Your goal -> From the listing below, copy only the lines running from the line that contains "listset Ds \<Longrightarrow>" to the line that contains "ultimately show ?case", both included.

*** Begin section ***

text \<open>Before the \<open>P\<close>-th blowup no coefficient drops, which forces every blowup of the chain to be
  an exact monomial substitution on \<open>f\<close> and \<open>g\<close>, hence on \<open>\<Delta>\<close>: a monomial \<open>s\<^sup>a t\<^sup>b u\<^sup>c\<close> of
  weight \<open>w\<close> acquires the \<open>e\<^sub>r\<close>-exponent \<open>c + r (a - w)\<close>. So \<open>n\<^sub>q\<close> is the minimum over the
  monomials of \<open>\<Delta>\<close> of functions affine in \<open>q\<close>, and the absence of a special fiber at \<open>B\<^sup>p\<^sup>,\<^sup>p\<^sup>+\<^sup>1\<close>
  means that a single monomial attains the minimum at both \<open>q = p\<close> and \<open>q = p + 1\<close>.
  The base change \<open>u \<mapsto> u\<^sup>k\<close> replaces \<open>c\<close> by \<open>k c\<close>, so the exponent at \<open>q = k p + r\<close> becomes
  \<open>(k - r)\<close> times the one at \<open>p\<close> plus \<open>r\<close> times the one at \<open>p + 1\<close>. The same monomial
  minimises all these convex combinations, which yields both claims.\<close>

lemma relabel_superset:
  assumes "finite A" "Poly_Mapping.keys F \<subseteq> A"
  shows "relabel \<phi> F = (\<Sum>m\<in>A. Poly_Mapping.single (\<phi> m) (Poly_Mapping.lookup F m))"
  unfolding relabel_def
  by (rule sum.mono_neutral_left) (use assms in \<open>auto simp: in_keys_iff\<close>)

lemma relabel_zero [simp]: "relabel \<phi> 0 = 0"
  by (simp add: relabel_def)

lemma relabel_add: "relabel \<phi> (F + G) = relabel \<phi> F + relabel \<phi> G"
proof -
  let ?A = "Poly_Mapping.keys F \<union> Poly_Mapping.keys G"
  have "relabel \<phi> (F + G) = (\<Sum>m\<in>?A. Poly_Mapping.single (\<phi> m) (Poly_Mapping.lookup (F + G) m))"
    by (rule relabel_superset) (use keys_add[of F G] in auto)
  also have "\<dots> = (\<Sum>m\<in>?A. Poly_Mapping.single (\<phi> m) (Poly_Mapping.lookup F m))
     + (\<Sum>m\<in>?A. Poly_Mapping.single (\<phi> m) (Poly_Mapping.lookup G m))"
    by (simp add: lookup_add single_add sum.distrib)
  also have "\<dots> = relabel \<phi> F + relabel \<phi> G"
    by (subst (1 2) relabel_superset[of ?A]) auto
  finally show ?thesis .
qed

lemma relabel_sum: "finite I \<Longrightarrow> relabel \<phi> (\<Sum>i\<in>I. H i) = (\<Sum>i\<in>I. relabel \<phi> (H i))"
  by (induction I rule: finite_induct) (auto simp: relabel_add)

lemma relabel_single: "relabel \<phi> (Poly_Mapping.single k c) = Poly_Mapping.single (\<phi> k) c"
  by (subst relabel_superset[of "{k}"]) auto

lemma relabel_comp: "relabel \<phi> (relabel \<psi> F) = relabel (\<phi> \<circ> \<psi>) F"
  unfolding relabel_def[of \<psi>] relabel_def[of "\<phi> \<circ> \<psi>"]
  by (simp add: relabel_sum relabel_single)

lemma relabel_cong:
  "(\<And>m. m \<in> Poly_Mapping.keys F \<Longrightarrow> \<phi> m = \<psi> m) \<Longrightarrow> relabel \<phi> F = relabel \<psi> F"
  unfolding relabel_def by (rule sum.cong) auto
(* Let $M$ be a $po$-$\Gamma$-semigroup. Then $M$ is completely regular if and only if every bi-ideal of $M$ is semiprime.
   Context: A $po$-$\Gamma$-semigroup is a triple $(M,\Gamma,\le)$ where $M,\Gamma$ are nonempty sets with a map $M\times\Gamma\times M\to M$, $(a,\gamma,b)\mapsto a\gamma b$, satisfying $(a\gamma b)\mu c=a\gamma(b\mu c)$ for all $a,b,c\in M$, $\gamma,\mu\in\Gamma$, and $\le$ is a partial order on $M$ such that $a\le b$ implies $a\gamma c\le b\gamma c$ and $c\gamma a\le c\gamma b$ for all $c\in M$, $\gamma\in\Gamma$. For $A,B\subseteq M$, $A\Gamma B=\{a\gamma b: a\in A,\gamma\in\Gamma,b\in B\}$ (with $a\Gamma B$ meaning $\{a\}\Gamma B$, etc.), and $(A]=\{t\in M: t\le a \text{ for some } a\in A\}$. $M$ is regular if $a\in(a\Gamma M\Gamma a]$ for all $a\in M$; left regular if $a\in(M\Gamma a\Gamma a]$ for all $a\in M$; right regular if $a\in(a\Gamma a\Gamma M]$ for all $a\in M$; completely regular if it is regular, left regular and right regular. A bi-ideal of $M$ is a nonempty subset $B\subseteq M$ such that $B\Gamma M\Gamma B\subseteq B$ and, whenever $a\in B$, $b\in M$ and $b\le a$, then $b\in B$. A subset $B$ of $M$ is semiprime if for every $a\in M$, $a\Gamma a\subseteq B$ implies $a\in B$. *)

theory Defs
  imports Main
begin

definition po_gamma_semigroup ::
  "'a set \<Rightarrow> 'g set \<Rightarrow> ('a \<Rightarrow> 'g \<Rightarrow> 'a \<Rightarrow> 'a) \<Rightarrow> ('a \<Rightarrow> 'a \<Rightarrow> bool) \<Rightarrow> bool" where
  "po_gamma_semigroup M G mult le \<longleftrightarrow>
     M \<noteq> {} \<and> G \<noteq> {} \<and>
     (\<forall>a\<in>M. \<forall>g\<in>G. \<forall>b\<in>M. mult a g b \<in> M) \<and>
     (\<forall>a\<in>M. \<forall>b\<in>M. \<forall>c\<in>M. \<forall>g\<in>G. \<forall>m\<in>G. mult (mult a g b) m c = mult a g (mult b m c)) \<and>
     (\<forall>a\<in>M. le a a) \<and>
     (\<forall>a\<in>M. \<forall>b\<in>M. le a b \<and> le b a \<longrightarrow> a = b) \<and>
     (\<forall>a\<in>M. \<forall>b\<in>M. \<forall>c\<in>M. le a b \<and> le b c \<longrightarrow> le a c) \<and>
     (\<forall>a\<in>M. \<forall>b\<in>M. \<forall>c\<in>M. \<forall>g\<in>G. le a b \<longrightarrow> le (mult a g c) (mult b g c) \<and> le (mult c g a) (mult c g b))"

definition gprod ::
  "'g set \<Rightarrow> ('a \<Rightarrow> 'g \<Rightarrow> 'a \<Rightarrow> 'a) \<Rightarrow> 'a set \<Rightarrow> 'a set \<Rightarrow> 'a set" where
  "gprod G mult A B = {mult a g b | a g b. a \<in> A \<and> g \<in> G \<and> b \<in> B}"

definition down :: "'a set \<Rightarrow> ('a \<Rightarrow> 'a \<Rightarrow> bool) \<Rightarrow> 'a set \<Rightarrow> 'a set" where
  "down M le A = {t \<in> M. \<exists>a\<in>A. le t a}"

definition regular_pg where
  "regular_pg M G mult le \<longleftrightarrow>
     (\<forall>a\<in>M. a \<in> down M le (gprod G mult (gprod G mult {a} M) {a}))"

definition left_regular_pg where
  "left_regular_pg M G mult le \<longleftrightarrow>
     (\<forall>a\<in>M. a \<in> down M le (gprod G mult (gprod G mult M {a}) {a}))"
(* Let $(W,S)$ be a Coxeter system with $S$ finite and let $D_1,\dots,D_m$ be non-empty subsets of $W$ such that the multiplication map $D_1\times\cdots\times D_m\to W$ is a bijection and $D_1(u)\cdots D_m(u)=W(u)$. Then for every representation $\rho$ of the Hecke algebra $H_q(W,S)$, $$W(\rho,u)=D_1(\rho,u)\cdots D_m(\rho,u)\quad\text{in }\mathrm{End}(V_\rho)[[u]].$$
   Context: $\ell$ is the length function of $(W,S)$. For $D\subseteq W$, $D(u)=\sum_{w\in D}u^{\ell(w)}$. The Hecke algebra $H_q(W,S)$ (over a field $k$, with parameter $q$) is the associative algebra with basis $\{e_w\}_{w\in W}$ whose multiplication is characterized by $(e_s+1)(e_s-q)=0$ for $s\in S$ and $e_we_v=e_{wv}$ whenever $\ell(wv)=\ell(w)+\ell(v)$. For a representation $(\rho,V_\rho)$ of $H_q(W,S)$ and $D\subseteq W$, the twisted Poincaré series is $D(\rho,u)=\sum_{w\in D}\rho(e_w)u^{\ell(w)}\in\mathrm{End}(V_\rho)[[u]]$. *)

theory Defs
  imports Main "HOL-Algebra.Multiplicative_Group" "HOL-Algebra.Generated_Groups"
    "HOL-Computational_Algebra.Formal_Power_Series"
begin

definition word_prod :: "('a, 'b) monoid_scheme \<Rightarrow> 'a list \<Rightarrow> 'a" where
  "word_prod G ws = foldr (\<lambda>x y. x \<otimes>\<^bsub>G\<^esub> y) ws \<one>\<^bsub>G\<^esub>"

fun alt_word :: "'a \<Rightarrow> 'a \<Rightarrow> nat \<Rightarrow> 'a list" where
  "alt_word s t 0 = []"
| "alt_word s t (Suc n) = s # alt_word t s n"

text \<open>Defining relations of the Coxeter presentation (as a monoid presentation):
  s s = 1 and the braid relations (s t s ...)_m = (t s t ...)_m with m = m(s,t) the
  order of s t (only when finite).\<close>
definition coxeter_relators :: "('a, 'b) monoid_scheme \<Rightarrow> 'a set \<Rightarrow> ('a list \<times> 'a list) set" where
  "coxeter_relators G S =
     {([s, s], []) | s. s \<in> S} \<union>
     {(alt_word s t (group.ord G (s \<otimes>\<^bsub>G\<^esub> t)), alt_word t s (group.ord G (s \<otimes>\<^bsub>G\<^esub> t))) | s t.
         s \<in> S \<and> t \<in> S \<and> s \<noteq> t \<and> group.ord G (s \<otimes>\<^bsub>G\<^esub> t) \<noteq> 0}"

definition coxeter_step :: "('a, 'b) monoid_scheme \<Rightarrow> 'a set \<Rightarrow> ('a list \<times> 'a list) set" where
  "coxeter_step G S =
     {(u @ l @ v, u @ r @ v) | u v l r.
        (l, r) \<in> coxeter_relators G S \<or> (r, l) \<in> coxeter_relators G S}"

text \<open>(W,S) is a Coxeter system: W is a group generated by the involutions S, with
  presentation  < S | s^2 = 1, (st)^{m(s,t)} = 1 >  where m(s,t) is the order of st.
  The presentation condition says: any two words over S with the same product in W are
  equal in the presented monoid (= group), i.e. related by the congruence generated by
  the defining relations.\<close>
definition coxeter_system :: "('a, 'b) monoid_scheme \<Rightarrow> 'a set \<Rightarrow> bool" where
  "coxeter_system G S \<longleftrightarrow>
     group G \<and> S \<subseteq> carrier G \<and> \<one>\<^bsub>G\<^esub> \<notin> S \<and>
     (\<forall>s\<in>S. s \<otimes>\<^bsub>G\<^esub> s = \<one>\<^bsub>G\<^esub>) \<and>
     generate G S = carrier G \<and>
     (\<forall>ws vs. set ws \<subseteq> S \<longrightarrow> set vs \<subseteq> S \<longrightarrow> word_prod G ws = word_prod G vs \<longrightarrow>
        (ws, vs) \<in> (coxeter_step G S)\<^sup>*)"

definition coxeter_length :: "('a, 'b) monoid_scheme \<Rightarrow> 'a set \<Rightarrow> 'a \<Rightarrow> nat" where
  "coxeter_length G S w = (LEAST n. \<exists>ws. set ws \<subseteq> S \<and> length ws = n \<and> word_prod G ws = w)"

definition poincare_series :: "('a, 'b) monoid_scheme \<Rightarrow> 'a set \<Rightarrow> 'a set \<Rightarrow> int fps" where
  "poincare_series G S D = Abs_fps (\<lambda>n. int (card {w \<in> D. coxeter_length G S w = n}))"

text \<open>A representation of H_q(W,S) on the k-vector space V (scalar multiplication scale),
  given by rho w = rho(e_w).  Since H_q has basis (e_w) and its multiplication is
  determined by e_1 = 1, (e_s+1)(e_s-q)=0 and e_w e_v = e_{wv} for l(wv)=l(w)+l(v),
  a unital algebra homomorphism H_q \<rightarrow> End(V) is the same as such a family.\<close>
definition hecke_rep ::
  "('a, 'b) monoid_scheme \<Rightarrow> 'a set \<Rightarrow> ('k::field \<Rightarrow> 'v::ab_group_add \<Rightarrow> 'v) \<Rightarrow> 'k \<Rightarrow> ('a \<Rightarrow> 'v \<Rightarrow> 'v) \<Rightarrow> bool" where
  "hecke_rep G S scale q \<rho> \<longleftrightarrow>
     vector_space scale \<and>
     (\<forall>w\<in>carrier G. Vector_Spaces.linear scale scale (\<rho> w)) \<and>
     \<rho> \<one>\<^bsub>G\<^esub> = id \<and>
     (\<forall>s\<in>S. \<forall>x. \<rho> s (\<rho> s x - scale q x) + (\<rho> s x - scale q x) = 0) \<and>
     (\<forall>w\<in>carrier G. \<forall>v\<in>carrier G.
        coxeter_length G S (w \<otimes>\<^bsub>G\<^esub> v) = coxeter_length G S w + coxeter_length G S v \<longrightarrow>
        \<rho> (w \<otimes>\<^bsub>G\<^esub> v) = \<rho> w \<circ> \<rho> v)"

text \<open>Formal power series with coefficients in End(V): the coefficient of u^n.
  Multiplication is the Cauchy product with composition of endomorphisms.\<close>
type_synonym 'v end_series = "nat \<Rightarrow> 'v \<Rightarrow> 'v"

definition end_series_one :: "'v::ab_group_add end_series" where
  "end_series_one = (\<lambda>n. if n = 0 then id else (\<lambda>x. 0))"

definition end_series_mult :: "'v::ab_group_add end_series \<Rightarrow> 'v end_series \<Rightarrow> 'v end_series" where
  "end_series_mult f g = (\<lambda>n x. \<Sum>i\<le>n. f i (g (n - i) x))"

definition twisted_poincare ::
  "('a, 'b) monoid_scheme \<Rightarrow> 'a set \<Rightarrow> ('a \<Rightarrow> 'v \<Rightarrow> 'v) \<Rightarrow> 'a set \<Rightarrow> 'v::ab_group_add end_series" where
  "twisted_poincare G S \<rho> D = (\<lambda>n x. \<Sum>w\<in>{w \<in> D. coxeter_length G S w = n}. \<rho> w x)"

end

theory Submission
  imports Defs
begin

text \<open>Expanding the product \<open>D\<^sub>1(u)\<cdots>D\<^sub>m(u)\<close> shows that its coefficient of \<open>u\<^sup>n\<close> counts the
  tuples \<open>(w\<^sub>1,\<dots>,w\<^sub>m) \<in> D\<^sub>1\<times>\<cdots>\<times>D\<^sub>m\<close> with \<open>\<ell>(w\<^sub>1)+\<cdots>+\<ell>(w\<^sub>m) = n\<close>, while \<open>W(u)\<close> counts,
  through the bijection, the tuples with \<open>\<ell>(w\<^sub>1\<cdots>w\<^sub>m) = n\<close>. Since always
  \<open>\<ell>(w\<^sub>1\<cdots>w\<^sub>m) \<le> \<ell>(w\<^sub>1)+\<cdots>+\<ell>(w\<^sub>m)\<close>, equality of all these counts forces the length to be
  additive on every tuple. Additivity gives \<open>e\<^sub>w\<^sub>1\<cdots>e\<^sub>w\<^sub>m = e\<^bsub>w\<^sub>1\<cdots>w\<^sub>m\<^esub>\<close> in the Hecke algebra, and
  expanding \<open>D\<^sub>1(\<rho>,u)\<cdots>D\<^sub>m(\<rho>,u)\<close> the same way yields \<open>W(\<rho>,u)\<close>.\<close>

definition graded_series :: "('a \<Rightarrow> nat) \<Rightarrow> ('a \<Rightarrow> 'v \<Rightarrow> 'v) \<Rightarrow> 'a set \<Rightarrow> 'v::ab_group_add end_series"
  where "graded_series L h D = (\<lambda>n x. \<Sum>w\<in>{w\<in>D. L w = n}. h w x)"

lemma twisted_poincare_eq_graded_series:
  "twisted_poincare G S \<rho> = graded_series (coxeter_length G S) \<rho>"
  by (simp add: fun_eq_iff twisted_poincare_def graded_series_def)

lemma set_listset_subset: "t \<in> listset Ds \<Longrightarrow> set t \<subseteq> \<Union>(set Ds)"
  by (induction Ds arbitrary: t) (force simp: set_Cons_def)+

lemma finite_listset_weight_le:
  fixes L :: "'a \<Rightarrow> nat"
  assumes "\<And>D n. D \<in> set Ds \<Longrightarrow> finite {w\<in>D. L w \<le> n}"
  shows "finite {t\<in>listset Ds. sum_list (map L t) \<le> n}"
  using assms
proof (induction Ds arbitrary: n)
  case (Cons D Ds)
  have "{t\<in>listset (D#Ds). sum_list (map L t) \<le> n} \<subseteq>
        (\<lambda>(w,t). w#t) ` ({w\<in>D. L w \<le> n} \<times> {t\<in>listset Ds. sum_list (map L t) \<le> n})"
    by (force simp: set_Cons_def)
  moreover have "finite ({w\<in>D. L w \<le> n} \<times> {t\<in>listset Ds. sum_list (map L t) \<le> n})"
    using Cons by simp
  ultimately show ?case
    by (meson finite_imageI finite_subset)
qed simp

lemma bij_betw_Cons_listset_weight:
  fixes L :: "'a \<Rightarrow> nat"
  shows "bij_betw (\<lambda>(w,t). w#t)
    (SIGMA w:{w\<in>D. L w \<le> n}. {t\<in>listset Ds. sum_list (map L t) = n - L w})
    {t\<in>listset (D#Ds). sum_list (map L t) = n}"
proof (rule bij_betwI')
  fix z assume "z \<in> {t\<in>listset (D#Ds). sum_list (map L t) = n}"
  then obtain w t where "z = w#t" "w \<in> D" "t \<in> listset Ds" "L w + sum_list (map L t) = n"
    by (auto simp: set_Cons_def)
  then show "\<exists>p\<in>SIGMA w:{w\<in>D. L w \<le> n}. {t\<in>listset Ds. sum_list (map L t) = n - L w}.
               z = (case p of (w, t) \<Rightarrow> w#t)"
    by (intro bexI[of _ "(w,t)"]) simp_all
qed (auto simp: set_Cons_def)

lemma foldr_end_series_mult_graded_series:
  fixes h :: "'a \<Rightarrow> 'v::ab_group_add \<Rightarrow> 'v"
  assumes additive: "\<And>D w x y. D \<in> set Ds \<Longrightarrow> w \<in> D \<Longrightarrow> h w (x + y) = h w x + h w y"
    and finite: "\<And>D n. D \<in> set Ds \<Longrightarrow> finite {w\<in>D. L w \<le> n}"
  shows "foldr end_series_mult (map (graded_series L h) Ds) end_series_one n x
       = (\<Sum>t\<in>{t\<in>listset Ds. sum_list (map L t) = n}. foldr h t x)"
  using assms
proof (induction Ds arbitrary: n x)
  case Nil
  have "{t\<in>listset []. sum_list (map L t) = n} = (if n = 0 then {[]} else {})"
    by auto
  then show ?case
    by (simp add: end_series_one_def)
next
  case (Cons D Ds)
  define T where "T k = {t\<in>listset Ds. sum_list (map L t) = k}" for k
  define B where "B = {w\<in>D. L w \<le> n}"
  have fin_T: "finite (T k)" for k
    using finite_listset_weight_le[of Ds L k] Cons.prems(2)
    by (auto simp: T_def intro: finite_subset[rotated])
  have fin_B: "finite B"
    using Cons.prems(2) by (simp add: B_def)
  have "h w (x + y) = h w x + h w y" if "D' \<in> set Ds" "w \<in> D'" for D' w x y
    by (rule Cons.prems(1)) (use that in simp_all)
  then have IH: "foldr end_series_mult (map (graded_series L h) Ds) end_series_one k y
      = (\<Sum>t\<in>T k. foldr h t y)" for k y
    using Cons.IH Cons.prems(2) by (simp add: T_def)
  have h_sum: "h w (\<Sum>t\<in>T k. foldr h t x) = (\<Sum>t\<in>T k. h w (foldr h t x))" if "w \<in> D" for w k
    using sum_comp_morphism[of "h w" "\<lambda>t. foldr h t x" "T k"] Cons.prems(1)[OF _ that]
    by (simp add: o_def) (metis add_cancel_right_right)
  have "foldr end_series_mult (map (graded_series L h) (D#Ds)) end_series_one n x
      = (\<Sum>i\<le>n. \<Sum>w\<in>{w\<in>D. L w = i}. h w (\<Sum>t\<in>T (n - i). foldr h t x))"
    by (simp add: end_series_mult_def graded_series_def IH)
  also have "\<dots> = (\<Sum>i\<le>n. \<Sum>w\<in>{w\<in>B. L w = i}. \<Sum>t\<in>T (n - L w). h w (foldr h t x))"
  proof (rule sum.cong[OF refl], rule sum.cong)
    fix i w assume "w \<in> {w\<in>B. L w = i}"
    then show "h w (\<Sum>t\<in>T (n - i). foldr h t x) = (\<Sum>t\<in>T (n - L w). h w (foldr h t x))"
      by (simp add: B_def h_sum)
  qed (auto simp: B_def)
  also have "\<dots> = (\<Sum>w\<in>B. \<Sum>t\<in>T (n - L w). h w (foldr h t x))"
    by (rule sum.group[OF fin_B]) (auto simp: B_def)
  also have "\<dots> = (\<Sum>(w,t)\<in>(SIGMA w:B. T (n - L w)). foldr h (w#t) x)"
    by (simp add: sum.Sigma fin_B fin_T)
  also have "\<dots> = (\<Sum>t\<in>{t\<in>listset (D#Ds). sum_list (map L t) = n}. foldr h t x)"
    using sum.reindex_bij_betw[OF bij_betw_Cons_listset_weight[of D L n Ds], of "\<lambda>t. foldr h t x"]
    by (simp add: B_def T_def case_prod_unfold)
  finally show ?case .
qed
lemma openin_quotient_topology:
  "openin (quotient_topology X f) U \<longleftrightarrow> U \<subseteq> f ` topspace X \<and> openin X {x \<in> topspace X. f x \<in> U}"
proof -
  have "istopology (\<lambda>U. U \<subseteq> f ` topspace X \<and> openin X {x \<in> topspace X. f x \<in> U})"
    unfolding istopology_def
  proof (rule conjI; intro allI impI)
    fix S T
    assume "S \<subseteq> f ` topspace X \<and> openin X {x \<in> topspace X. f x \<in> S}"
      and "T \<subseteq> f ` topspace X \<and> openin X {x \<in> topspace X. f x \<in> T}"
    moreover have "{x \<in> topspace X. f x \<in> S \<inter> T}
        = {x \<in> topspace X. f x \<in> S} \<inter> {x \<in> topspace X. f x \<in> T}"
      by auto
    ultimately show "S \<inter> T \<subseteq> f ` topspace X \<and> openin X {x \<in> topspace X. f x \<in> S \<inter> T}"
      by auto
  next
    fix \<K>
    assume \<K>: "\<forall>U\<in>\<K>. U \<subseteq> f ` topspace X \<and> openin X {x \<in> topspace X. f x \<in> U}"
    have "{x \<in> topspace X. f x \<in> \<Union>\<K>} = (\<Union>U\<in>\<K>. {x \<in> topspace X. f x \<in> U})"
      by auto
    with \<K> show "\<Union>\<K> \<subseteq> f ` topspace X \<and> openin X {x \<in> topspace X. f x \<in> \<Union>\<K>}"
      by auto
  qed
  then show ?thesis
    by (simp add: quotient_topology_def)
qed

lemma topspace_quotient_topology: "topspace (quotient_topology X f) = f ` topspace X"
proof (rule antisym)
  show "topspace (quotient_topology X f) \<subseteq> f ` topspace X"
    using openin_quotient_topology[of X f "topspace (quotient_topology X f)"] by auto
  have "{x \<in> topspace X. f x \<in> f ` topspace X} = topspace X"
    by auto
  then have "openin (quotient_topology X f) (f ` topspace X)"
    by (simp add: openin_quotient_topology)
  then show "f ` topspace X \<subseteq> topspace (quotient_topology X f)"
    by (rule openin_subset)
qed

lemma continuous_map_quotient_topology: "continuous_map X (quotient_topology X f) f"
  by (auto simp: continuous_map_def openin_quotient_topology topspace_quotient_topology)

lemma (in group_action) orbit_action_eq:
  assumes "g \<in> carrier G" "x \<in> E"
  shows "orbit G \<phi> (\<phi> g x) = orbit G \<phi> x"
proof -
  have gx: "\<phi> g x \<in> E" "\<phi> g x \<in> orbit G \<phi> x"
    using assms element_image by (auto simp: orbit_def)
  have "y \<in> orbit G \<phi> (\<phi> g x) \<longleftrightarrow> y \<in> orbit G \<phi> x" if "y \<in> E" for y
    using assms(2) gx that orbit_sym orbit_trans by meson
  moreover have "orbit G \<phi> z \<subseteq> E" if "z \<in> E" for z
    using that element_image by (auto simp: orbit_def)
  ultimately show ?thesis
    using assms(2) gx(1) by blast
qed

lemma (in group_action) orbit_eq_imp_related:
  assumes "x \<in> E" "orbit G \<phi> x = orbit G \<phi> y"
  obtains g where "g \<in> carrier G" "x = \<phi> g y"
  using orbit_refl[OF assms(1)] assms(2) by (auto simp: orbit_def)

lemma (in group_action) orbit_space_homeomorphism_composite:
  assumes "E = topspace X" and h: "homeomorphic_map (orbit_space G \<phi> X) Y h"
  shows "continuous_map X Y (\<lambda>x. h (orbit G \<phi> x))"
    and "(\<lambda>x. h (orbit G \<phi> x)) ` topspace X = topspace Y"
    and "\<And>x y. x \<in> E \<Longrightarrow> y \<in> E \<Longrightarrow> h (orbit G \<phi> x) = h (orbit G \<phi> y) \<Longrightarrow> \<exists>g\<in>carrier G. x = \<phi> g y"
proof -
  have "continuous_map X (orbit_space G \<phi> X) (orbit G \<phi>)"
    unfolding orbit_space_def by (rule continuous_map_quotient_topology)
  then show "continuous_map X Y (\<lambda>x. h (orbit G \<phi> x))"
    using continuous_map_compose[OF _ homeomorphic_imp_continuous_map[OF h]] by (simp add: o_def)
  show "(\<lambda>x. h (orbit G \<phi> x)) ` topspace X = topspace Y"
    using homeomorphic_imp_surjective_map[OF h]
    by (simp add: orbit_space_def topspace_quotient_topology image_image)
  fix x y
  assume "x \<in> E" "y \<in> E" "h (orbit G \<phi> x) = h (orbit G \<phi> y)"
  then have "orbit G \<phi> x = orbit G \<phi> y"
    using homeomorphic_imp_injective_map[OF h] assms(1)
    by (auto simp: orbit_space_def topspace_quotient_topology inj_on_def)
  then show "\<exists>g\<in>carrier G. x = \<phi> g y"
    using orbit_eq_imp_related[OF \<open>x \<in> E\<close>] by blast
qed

*** End section ***

Result ->
lemma set_listset_subset: "t \<in> listset Ds \<Longrightarrow> set t \<subseteq> \<Union>(set Ds)"
  by (induction Ds arbitrary: t) (force simp: set_Cons_def)+

lemma finite_listset_weight_le:
  fixes L :: "'a \<Rightarrow> nat"
  assumes "\<And>D n. D \<in> set Ds \<Longrightarrow> finite {w\<in>D. L w \<le> n}"
  shows "finite {t\<in>listset Ds. sum_list (map L t) \<le> n}"
  using assms
proof (induction Ds arbitrary: n)
  case (Cons D Ds)
  have "{t\<in>listset (D#Ds). sum_list (map L t) \<le> n} \<subseteq>
        (\<lambda>(w,t). w#t) ` ({w\<in>D. L w \<le> n} \<times> {t\<in>listset Ds. sum_list (map L t) \<le> n})"
    by (force simp: set_Cons_def)
  moreover have "finite ({w\<in>D. L w \<le> n} \<times> {t\<in>listset Ds. sum_list (map L t) \<le> n})"
    using Cons by simp
  ultimately show ?case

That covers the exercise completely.